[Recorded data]
□ □ □ □
(* Let $B(t,x)=\sum_T t^{\mathrm{da}(T)}x^{|T|}$, the sum over all binary trees $T$ (including the empty tree), where $|T|$ is the number of nodes. Then $$B(t,x)=1+\frac{1-\sqrt{1+4x\left(x-\frac{1-\sqrt{1-4tx}}{t}\right)}}{2x}.$$
   Context: A binary tree is a rooted tree in which each node has at most two children, distinguished as left child and right child. The address of a node is the word over $\{L,R\}$ recording the sequence of left/right children along the path from the root to the node (the root has the empty address). The complement of an address swaps $L$ and $R$. Two nodes are mirror images if their addresses are complements of each other (so the root is its own mirror image). The degree of asymmetry $\mathrm{da}(T)$ is the number of nodes of $T$ that are not mirror images of any node of $T$. *)

theory Defs
  imports "HOL-Analysis.Analysis"
begin

datatype btree = E | N btree btree

text \<open>Addresses of the nodes of a tree, as words over {L,R};
L is encoded as False and R as True. The root has address [].\<close>
fun addrs :: "btree \<Rightarrow> bool list set" where
  "addrs E = {}"
| "addrs (N l r) = insert [] (Cons False ` addrs l \<union> Cons True ` addrs r)"

definition compl_addr :: "bool list \<Rightarrow> bool list" where
  "compl_addr a = map Not a"

definition nnodes :: "btree \<Rightarrow> nat" where
  "nnodes T = card (addrs T)"

definition da :: "btree \<Rightarrow> nat" where
  "da T = card {a \<in> addrs T. compl_addr a \<notin> addrs T}"

end

theory Submission
  imports Defs
begin

(* In N l r the mirror image of the node False # w of l is True # compl_addr w, i.e. it sits at
   the mirror position of w inside r.  So da (N l r) = u(l, r) + u(r, l), where
   u(a, b) = unmatched a b counts the nodes of a whose mirror position is not a node of b, and
   B = 1 + x F for the pair series F = sum over (a, b) of t^(u(a, b) + u(b, a)) x^(|a| + |b|).
   If a component of the pair is empty, every node of the other one is unmatched, which gives the
   Catalan series G(t x), resp. G(t x) - 1; otherwise u(N a1 a2, N b1 b2) = u(a1, b2) + u(a2, b1)
   splits the weight into the weights of (a1, b2) and (a2, b1).  Hence F = 2 G(t x) - 1 + x^2 F^2
   and G(y) = 1 + y G(y)^2, and for small |x| the bounds |G| <= 2 and |F| <= 4 select the minus
   sign in both quadratic formulas. *)

lemma finite_addrs [simp]: "finite (addrs T)"
  by (induction T) auto
(* Under the standing assumptions below, let $(\hat\nu,(\hat v^i)_{i\in\mathbb N})$ be the mean-field game Nash equilibrium of the infinite-player game, $\hat v^{-i}=(\hat v^1,\dots,\hat v^{i-1},\hat v^{i+1},\dots,\hat v^N)$, and let $\mathcal U_b\subset\mathcal U$ be any subclass containing all $\hat v^i$, $i\in\mathbb N$, with $\sup_{u\in\mathcal U_b}\|u\|_{2,T}^2<\infty$. Then there is a constant $C>0$ independent of $N$ and $i$ such that for all $N\ge2$ and $1\le i\le N$, $$J^{i,N}(\hat v^i;\hat v^{-i})\le\sup_{u\in\mathcal U_b}J^{i,N}(u;\hat v^{-i})\le J^{i,N}(\hat v^i;\hat v^{-i})+C\big(h(N)^{1/2}\vee N^{-1}\big).$$
   Context: Fix $T>0$ and a filtered probability space $(\Omega,\mathcal F,\mathbb F=(\mathcal F_t)_{0\le t\le T},\mathbb P)$ satisfying the usual conditions. On $L^2([0,T],\mathbb R)$, $\langle f,g\rangle_{L^2}=\int_0^Tf(s)g(s)\,ds$. A kernel $G\in L^2([0,T]^2,\mathbb R)$ induces the integral operator $(\boldsymbol Gf)(s)=\int_0^TG(s,u)f(u)\,du$; $\boldsymbol G^*$ is the adjoint operator; $\mathrm{id}$ is the identity. A measurable kernel $G$ is Volterra if $G(t,s)=0$ whenever $s\ge t$; it is nonnegative definite if $\int_0^T\int_0^T(G(t,s)+G(s,t))f(s)f(t)\,ds\,dt\ge0$ for all $f\in L^2([0,T],\mathbb R)$. The class $\mathcal G$ consists of the nonnegative definite Volterra kernels $G:[0,T]^2\to\mathbb R_+$ with $\sup_{t\le T}\int_0^T|G(t,s)|^2ds+\sup_{s\le T}\int_0^T|G(t,s)|^2dt<\infty$; an admissible Volterra operator is one induced by a kernel in $\mathcal G$. $\mathcal U$ is the set of $\mathbb F$-progressively measurable real processes $u$ with $\|u\|_{2,T}:=(\int_0^T\mathbb E[u_t^2]dt)^{1/2}<\infty$. $\boldsymbol A_1,\boldsymbol A_3$ are admissible Volterra operators; $\boldsymbol A_2=\lambda\,\mathrm{id}+\hat{\boldsymbol A}_2$ with $\lambda>0$ and $\hat{\boldsymbol A}_2$ admissible Volterra. $b^0,b^1,b^2,\dots$ are $\mathbb F$-progressively measurable processes with $\int_0^T\mathbb E[(b^i_s)^2]ds<\infty$, $c^1,c^2,\dots$ integrable random variables, and there are an $\mathbb F$-progressively measurable $b^\infty\in L^2(\Omega\times[0,T])$ and a bounded $h:\mathbb R_+\to\mathbb R_+$ with $h(x)\to0$ as $x\to\infty$ such that $\sup_{t\le T}\mathbb E[(\frac1N\sum_{i=1}^Nb^i_t-b^\infty_t)^2]\le h(N)$ for all $N\ge1$. $N$-player objective: for $u^1,\dots,u^N\in\mathcal U$, $\bar u=\frac1N\sum_ju^j$, $J^{i,N}(u^i;u^{-i})=\mathbb E[-\langle\bar u,\boldsymbol A_1\bar u\rangle_{L^2}-\langle u^i,\boldsymbol A_2u^i\rangle_{L^2}-\langle u^i,(\boldsymbol A_3+\boldsymbol A_3^* )\bar u\rangle_{L^2}+\langle b^i,u^i\rangle_{L^2}+\langle b^0,\bar u\rangle_{L^2}+c^i]$. Infinite-player game: $J^{i,\infty}(v^i;\nu)=\mathbb E[-\langle\nu,\boldsymbol A_1\nu\rangle_{L^2}-\langle v^i,\boldsymbol A_2v^i\rangle_{L^2}-\langle v^i,(\boldsymbol A_3+\boldsymbol A_3^* )\nu\rangle_{L^2}+\langle b^i,v^i\rangle_{L^2}+\langle b^0,\nu\rangle_{L^2}+c^i]$; a mean-field game Nash equilibrium is $(\hat\nu,(\hat v^i)_{i\in\mathbb N})\subset\mathcal U$ such that each $\hat v^i$ maximizes $v\mapsto J^{i,\infty}(v;\hat\nu)$ over $\mathcal U$ and $\lim_{N\to\infty}\sup_{t\le T}\mathbb E[(\frac1N\sum_{i=1}^N\hat v^i_t-\hat\nu_t)^2]=0$. *)

theory Defs
  imports "HOL-Probability.Probability"
begin

text \<open>Time horizon [0,T]; processes are functions u :: real => 'a => real (time, outcome).\<close>

definition usual_filtration :: "'a measure \<Rightarrow> real \<Rightarrow> (real \<Rightarrow> 'a measure) \<Rightarrow> bool" where
  "usual_filtration M T F \<longleftrightarrow>
     (\<forall>t\<in>{0..T}. space (F t) = space M \<and> sets (F t) \<subseteq> sets M) \<and>
     (\<forall>s\<in>{0..T}. \<forall>t\<in>{0..T}. s \<le> t \<longrightarrow> sets (F s) \<subseteq> sets (F t)) \<and>
     (\<forall>t\<in>{0..<T}. sets (F t) = (\<Inter>s\<in>{t<..T}. sets (F s))) \<and>
     (\<forall>A. A \<subseteq> space M \<and> (\<exists>B\<in>sets M. A \<subseteq> B \<and> emeasure M B = 0) \<longrightarrow> A \<in> sets (F 0))"

definition prog_meas :: "real \<Rightarrow> (real \<Rightarrow> 'a measure) \<Rightarrow> (real \<Rightarrow> 'a \<Rightarrow> real) \<Rightarrow> bool" where
  "prog_meas T F u \<longleftrightarrow>
     (\<forall>t\<in>{0..T}. (\<lambda>(s,\<omega>). u s \<omega>) \<in> borel_measurable (restrict_space borel {0..t} \<Otimes>\<^sub>M F t))"

definition sqnorm2T :: "'a measure \<Rightarrow> real \<Rightarrow> (real \<Rightarrow> 'a \<Rightarrow> real) \<Rightarrow> ennreal" where
  "sqnorm2T M T u = (\<integral>\<^sup>+ t\<in>{0..T}. (\<integral>\<^sup>+ \<omega>. ennreal ((u t \<omega>)\<^sup>2) \<partial>M) \<partial>lborel)"

definition admissible_controls :: "'a measure \<Rightarrow> real \<Rightarrow> (real \<Rightarrow> 'a measure) \<Rightarrow> (real \<Rightarrow> 'a \<Rightarrow> real) set" where
  "admissible_controls M T F = {u. prog_meas T F u \<and> sqnorm2T M T u < \<infinity>}"

definition l2inner :: "real \<Rightarrow> (real \<Rightarrow> real) \<Rightarrow> (real \<Rightarrow> real) \<Rightarrow> real" where
  "l2inner T f g = (LINT s:{0..T}|lborel. f s * g s)"

definition kop :: "real \<Rightarrow> (real \<Rightarrow> real \<Rightarrow> real) \<Rightarrow> (real \<Rightarrow> real) \<Rightarrow> (real \<Rightarrow> real)" where
  "kop T G f = (\<lambda>s. LINT u:{0..T}|lborel. G s u * f u)"

definition adj_kernel :: "(real \<Rightarrow> real \<Rightarrow> real) \<Rightarrow> (real \<Rightarrow> real \<Rightarrow> real)" where
  "adj_kernel G = (\<lambda>s u. G u s)"

definition L2_fun :: "real \<Rightarrow> (real \<Rightarrow> real) \<Rightarrow> bool" where
  "L2_fun T f \<longleftrightarrow> f \<in> borel_measurable lborel \<and> set_integrable lborel {0..T} (\<lambda>s. (f s)\<^sup>2)"

definition volterra :: "real \<Rightarrow> (real \<Rightarrow> real \<Rightarrow> real) \<Rightarrow> bool" where
  "volterra T G \<longleftrightarrow> (\<forall>t\<in>{0..T}. \<forall>s\<in>{0..T}. t \<le> s \<longrightarrow> G t s = 0)"

definition nonneg_definite :: "real \<Rightarrow> (real \<Rightarrow> real \<Rightarrow> real) \<Rightarrow> bool" where
  "nonneg_definite T G \<longleftrightarrow> (\<forall>f. L2_fun T f \<longrightarrow>
     0 \<le> (LINT t:{0..T}|lborel. (LINT s:{0..T}|lborel. (G t s + G s t) * f s * f t)))"

definition admissible_kernel :: "real \<Rightarrow> (real \<Rightarrow> real \<Rightarrow> real) \<Rightarrow> bool" where
  "admissible_kernel T G \<longleftrightarrow>
     (\<lambda>(t,s). G t s) \<in> borel_measurable borel \<and>
     (\<integral>\<^sup>+ p\<in>{0..T}\<times>{0..T}. ennreal ((G (fst p) (snd p))\<^sup>2) \<partial>lborel) < \<infinity> \<and>
     volterra T G \<and> nonneg_definite T G \<and>
     (\<forall>t\<in>{0..T}. \<forall>s\<in>{0..T}. 0 \<le> G t s) \<and>
     (\<exists>K. \<forall>t\<in>{0..T}. (\<integral>\<^sup>+ s\<in>{0..T}. ennreal ((G t s)\<^sup>2) \<partial>lborel) \<le> ennreal K) \<and>
     (\<exists>K. \<forall>s\<in>{0..T}. (\<integral>\<^sup>+ t\<in>{0..T}. ennreal ((G t s)\<^sup>2) \<partial>lborel) \<le> ennreal K)"

text \<open>Generic objective: player control u, aggregate (mean) control m, own signal bi,
  common signal b0, constant ci; A2 = lam id + A2h.\<close>
definition Jobj :: "'a measure \<Rightarrow> real \<Rightarrow> (real \<Rightarrow> real \<Rightarrow> real) \<Rightarrow> real \<Rightarrow> (real \<Rightarrow> real \<Rightarrow> real)
   \<Rightarrow> (real \<Rightarrow> real \<Rightarrow> real) \<Rightarrow> (real \<Rightarrow> 'a \<Rightarrow> real) \<Rightarrow> (real \<Rightarrow> 'a \<Rightarrow> real) \<Rightarrow> ('a \<Rightarrow> real)
   \<Rightarrow> (real \<Rightarrow> 'a \<Rightarrow> real) \<Rightarrow> (real \<Rightarrow> 'a \<Rightarrow> real) \<Rightarrow> real" where
  "Jobj M T A1 lam A2h A3 b0 bi ci u m = (\<integral>\<omega>.
      (let uw = (\<lambda>t. u t \<omega>); mw = (\<lambda>t. m t \<omega>) in
        - l2inner T mw (kop T A1 mw)
        - (lam * l2inner T uw uw + l2inner T uw (kop T A2h uw))
        - l2inner T uw (\<lambda>t. kop T A3 mw t + kop T (adj_kernel A3) mw t)
        + l2inner T (\<lambda>t. bi t \<omega>) uw
        + l2inner T (\<lambda>t. b0 t \<omega>) mw
        + ci \<omega>) \<partial>M)"

definition JN :: "'a measure \<Rightarrow> real \<Rightarrow> (real \<Rightarrow> real \<Rightarrow> real) \<Rightarrow> real \<Rightarrow> (real \<Rightarrow> real \<Rightarrow> real)
   \<Rightarrow> (real \<Rightarrow> real \<Rightarrow> real) \<Rightarrow> (nat \<Rightarrow> real \<Rightarrow> 'a \<Rightarrow> real) \<Rightarrow> (nat \<Rightarrow> 'a \<Rightarrow> real)
   \<Rightarrow> nat \<Rightarrow> nat \<Rightarrow> (real \<Rightarrow> 'a \<Rightarrow> real) \<Rightarrow> (nat \<Rightarrow> real \<Rightarrow> 'a \<Rightarrow> real) \<Rightarrow> real" where
  "JN M T A1 lam A2h A3 b c N i u v =
     Jobj M T A1 lam A2h A3 (b 0) (b i) (c i) u
       (\<lambda>t \<omega>. (u t \<omega> + (\<Sum>j\<in>{1..N}-{i}. v j t \<omega>)) / real N)"

definition Jinf :: "'a measure \<Rightarrow> real \<Rightarrow> (real \<Rightarrow> real \<Rightarrow> real) \<Rightarrow> real \<Rightarrow> (real \<Rightarrow> real \<Rightarrow> real)
   \<Rightarrow> (real \<Rightarrow> real \<Rightarrow> real) \<Rightarrow> (nat \<Rightarrow> real \<Rightarrow> 'a \<Rightarrow> real) \<Rightarrow> (nat \<Rightarrow> 'a \<Rightarrow> real)
   \<Rightarrow> nat \<Rightarrow> (real \<Rightarrow> 'a \<Rightarrow> real) \<Rightarrow> (real \<Rightarrow> 'a \<Rightarrow> real) \<Rightarrow> real" where
  "Jinf M T A1 lam A2h A3 b c i v nu = Jobj M T A1 lam A2h A3 (b 0) (b i) (c i) v nu"

definition mfg_nash :: "'a measure \<Rightarrow> real \<Rightarrow> (real \<Rightarrow> 'a measure) \<Rightarrow> (real \<Rightarrow> real \<Rightarrow> real) \<Rightarrow> real
   \<Rightarrow> (real \<Rightarrow> real \<Rightarrow> real) \<Rightarrow> (real \<Rightarrow> real \<Rightarrow> real) \<Rightarrow> (nat \<Rightarrow> real \<Rightarrow> 'a \<Rightarrow> real)
   \<Rightarrow> (nat \<Rightarrow> 'a \<Rightarrow> real) \<Rightarrow> (real \<Rightarrow> 'a \<Rightarrow> real) \<Rightarrow> (nat \<Rightarrow> real \<Rightarrow> 'a \<Rightarrow> real) \<Rightarrow> bool" where
  "mfg_nash M T F A1 lam A2h A3 b c nu v \<longleftrightarrow>
     nu \<in> admissible_controls M T F \<and>
     (\<forall>i\<ge>1. v i \<in> admissible_controls M T F) \<and>
     (\<forall>i\<ge>1. \<forall>w\<in>admissible_controls M T F.
        Jinf M T A1 lam A2h A3 b c i w nu \<le> Jinf M T A1 lam A2h A3 b c i (v i) nu) \<and>
     ((\<lambda>N. SUP t\<in>{0..T}. \<integral>\<^sup>+ \<omega>. ennreal (((\<Sum>j\<in>{1..N}. v j t \<omega>) / real N - nu t \<omega>)\<^sup>2) \<partial>M)
        \<longlonglongrightarrow> 0)"

end

theory Submission
  imports Defs
begin

text \<open>The objectives are quadratic functionals of the controls, built from the expected
  \<open>L\<^sup>2\<close> inner product and the expected forms \<open>E \<langle>x, G y\<rangle>\<close> of the kernels. Perturbing the
  equilibrium control of a player in an admissible direction gives a first order condition;
  averaging it over the first \<open>N\<close> players and letting \<open>N \<rightarrow> \<infinity>\<close> gives the first order condition of the
  limit \<open>(\<nu>, b\<^sup>\<infinity>)\<close>. Tested against the deviation \<open>d\<^sub>N\<close> of the empirical mean of the equilibrium
  controls from \<open>\<nu>\<close>, and using that \<open>A\<^sub>2\<close> is nonnegative, the difference of the two conditions yields
  \<open>2\<lambda> \<parallel>d\<^sub>N\<parallel> \<le> \<parallel>b\<^sup>N - b\<^sup>\<infinity>\<parallel> \<le> \<surd>(T h(N))\<close>, where \<open>b\<^sup>N\<close> is the empirical mean of the signals. If
  player \<open>i\<close> deviates to \<open>u\<close>, the empirical mean moves by \<open>(u - v\<^sup>i)/N\<close>, and the gain in the
  \<open>N\<close>-player game is the gain in the mean-field game, which is nonpositive, plus cross terms of
  order \<open>1/N\<close> and \<open>\<parallel>d\<^sub>N\<parallel>\<close>.\<close>

lemma abs_mult_le_amgm:
  fixes x y c :: real
  assumes "c > 0"
  shows "\<bar>x * y\<bar> \<le> (c * x\<^sup>2 + y\<^sup>2 / c) / 2"
proof -
  have "0 \<le> (c * \<bar>x\<bar> - \<bar>y\<bar>)\<^sup>2" by simp
  hence "2 * c * \<bar>x * y\<bar> \<le> c\<^sup>2 * x\<^sup>2 + y\<^sup>2"
    by (simp add: power2_eq_square algebra_simps abs_mult)
  with assms show ?thesis
    by (simp add: field_simps power2_eq_square)
qed
lemma lookup_mem_nonvanishing_exponents:
  assumes "scale (Poly_Mapping.single a c) h \<noteq> 0"
  shows "Poly_Mapping.lookup a \<in> nonvanishing_exponents scale h"
proof -
  have "scale (Poly_Mapping.single a c) h = scale (Poly_Mapping.single 0 c) (scale (monomial (Poly_Mapping.lookup a)) h)"
    unfolding monomial_def by (simp add: scale_scale mult_single)
  with assms show ?thesis unfolding nonvanishing_exponents_def by (auto simp del: scale_scale)
qed

lemma hom_component_scale_neq_zero:
  assumes h: "h \<in> Mg (fst q) (snd q)" and nz: "hom_component Mg (scale r h) p \<noteq> 0"
  shows "p \<in> shift q (bideg_image dg (nonvanishing_exponents scale h))"
proof -
  let ?term = "\<lambda>a. scale (Poly_Mapping.single a (Poly_Mapping.lookup r a)) h"
  have "scale r h = (\<Sum>a\<in>Poly_Mapping.keys r. ?term a)"
    by (subst poly_mapping_sum_single[of r]) (simp add: scale_sum_left)
  with nz obtain a where a: "hom_component Mg (?term a) p \<noteq> 0"
    by (auto simp: hom_component_sum elim: sum.not_neutral_contains_not_neutral)
  have "?term a \<in> Mg (fst q + fst (mono_bideg dg a)) (snd q + snd (mono_bideg dg a))"
    by (rule scale_single_mem_component[OF h])
  with a have "p = (fst q + fst (mono_bideg dg a), snd q + snd (mono_bideg dg a))" "?term a \<noteq> 0"
    by (simp_all add: hom_component_homogeneous split: if_splits)
  moreover have "mono_bideg dg a = (weighted_degree dg (Poly_Mapping.lookup a), total_degree (Poly_Mapping.lookup a))"
    using mono_bideg_Abs_poly_mapping[of dg "Poly_Mapping.lookup a"] by simp
  moreover have "Poly_Mapping.lookup a \<in> nonvanishing_exponents scale h"
    using lookup_mem_nonvanishing_exponents calculation(2) by blast
  ultimately show ?thesis
    unfolding shift_def bideg_image_def image_image
    by (intro image_eqI[of _ _ "Poly_Mapping.lookup a"]) (auto simp: prod_eq_iff)
qed

abbreviation component_supports :: "('m \<times> (int \<times> int)) set \<Rightarrow> (int \<times> int) set" where
  "component_supports H \<equiv> (\<Union>x\<in>H. shift (snd x) (bideg_image dg (nonvanishing_exponents scale (fst x))))"

lemma hom_component_span_neq_zero:
  assumes H: "\<And>h q. (h, q) \<in> H \<Longrightarrow> h \<in> Mg (fst q) (snd q)"
    and "x \<in> span (fst ` H)" "hom_component Mg x p \<noteq> 0"
  shows "p \<in> component_supports H"
  using assms(2,3)
proof (induction arbitrary: p rule: span_induct_alt)
  case base
  then show ?case by (simp add: hom_component_zero)
next
  case (step r h y)
  then obtain q where hq: "(h, q) \<in> H" by auto
  show ?case
  proof (cases "hom_component Mg (scale r h) p = 0")
    case True
    then show ?thesis using step by (simp add: hom_component_add)
  next
    case False
    then show ?thesis
      by (intro UN_I[OF hq]) (simp add: hom_component_scale_neq_zero[OF H[OF hq]])
  qed
qed

lemma generator_components_homogeneous:
  "(h, q) \<in> generator_components Mg G \<Longrightarrow> h \<in> Mg (fst q) (snd q)"
  unfolding generator_components_def using hom_component_mem by blast

lemma span_generator_components:
  assumes "span G = UNIV"
  shows "span (fst ` generator_components Mg G) = UNIV"
proof -
  have "g \<in> span (fst ` generator_components Mg G)" if g: "g \<in> G" for g
  proof -
    have "hom_component Mg g q \<in> span (fst ` generator_components Mg G)"
      if "hom_component Mg g q \<noteq> 0" for q
    proof (rule span_base)
      have "(hom_component Mg g q, q) \<in> generator_components Mg G"
        using g that unfolding generator_components_def by blast
      then show "hom_component Mg g q \<in> fst ` generator_components Mg G"
        by (rule rev_image_eqI) simp
    qed
    then have "(\<Sum>q\<in>{q. hom_component Mg g q \<noteq> 0}. hom_component Mg g q) \<in> span (fst ` generator_components Mg G)"
      by (intro span_sum) simp
    then show ?thesis by (simp only: sum_hom_component)
  qed
  then have "span G \<subseteq> span (fst ` generator_components Mg G)"
    by (intro span_minimal subsetI subspace_span)
  with assms show ?thesis by blast
qed

lemma finite_generator_components:
  assumes "finite G"
  shows "finite (generator_components Mg G)"
proof -
  have "generator_components Mg G \<subseteq> (\<lambda>(g, q). (hom_component Mg g q, q)) ` (SIGMA g:G. {q. hom_component Mg g q \<noteq> 0})"
    unfolding generator_components_def by auto
  moreover have "finite (SIGMA g:G. {q. hom_component Mg g q \<noteq> 0})"
    using assms finite_hom_component_support by (intro finite_SigmaI)
  ultimately show ?thesis by (rule finite_subset[OF _ finite_imageI])
qed

lemma support_bidegrees_eq:
  assumes "span G = UNIV"
  shows "support_bidegrees Mg = component_supports (generator_components Mg G)"
proof (intro equalityI subsetI)
  fix p assume "p \<in> support_bidegrees Mg"
  then have "Mg (fst p) (snd p) \<noteq> {0}" unfolding support_bidegrees_def by (cases p) simp
  then obtain x where x: "x \<in> Mg (fst p) (snd p)" "x \<noteq> 0"
    using zero_mem_component by blast
  then have "hom_component Mg x p \<noteq> 0"
    by (simp add: hom_component_homogeneous)
  moreover have "x \<in> span (fst ` generator_components Mg G)"
    by (simp add: span_generator_components[OF assms])
  ultimately show "p \<in> component_supports (generator_components Mg G)"
    by (intro hom_component_span_neq_zero[OF generator_components_homogeneous])
next
  fix p assume "p \<in> component_supports (generator_components Mg G)"
  then obtain h q b where hq: "(h, q) \<in> generator_components Mg G"
    and b: "b \<in> nonvanishing_exponents scale h"
    and p: "p = (weighted_degree dg b, total_degree b) + q"
    unfolding shift_def bideg_image_def by auto
  have "scale (monomial b) h \<in> Mg (fst q + weighted_degree dg b) (snd q + total_degree b)"
    by (rule scale_monomial_mem_component[OF generator_components_homogeneous[OF hq]])
  moreover have "scale (monomial b) h \<noteq> 0"
    using b unfolding nonvanishing_exponents_def by simp
  ultimately show "p \<in> support_bidegrees Mg"
    unfolding support_bidegrees_def p by (cases q) (simp add: add.commute, blast)
qed

end

theorem proposition2p5:
  fixes dg :: "'v::finite \<Rightarrow> int"
    and scale :: "('v, 'k::field) mpoly \<Rightarrow> 'm::ab_group_add \<Rightarrow> 'm"
    and Mg :: "int \<Rightarrow> int \<Rightarrow> 'm set"
  assumes "\<And>i. dg i \<ge> 1"
    and "bigraded_module dg scale Mg"
    and "finitely_generated_module scale"
  shows "(\<exists>k0. \<forall>k\<ge>k0. \<forall>d. Mg d k = {0})
       \<or> (\<exists>a b c e k0 :: int. \<forall>k\<ge>k0.
             Mg (a * k + b) k \<noteq> {0} \<and> (\<forall>d. Mg d k \<noteq> {0} \<longrightarrow> a * k + b \<le> d) \<and>
             Mg (c * k + e) k \<noteq> {0} \<and> (\<forall>d. Mg d k \<noteq> {0} \<longrightarrow> d \<le> c * k + e))"
proof -
  obtain G where G: "finite G" "module.span scale G = UNIV"
    using assms(3) unfolding finitely_generated_module_def by blast
  let ?H = "generator_components Mg G"
  let ?C = "\<lambda>x. nonvanishing_exponents scale (fst x)"
  have support: "support_bidegrees Mg = (\<Union>x\<in>?H. shift (snd x) (bideg_image dg (?C x)))"
    by (rule support_bidegrees_eq[OF assms(2) G(2)])
  have fin: "finite ?H" by (rule finite_generator_components[OF assms(2) G(1)])
  have down_closed: "down_closed (?C x)" for x
    by (rule down_closed_nonvanishing_exponents[OF assms(2)])
  have lower: "eventually_linear_lower_edge (support_bidegrees Mg)"
    unfolding support using fin down_closed by (rule eventually_linear_lower_edge_UN_shift_down_closed)
  have "eventually_linear_lower_edge (mirror (support_bidegrees Mg))"
    unfolding support mirror_UN mirror_shift_bideg_image
    using fin down_closed by (rule eventually_linear_lower_edge_UN_shift_down_closed)
  from eventually_linear_edges[OF lower this] show ?thesis
    unfolding support_bidegrees_def by simp
qed

end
□ □ □ □
**WORK INSTRUCTION**:
In your answer, include only the lines above starting at the line that holds "q \<in> fst" and ending at the line that holds "unfolding generator_components_def by auto", copied exactly.

**TASK ANSWER**:
      then show "hom_component Mg g q \<in> fst ` generator_components Mg G"
        by (rule rev_image_eqI) simp
    qed
    then have "(\<Sum>q\<in>{q. hom_component Mg g q \<noteq> 0}. hom_component Mg g q) \<in> span (fst ` generator_components Mg G)"
      by (intro span_sum) simp
    then show ?thesis by (simp only: sum_hom_component)
  qed
  then have "span G \<subseteq> span (fst ` generator_components Mg G)"
    by (intro span_minimal subsetI subspace_span)
  with assms show ?thesis by blast
qed

lemma finite_generator_components:
  assumes "finite G"
  shows "finite (generator_components Mg G)"
proof -
  have "generator_components Mg G \<subseteq> (\<lambda>(g, q). (hom_component Mg g q, q)) ` (SIGMA g:G. {q. hom_component Mg g q \<noteq> 0})"
    unfolding generator_components_def by auto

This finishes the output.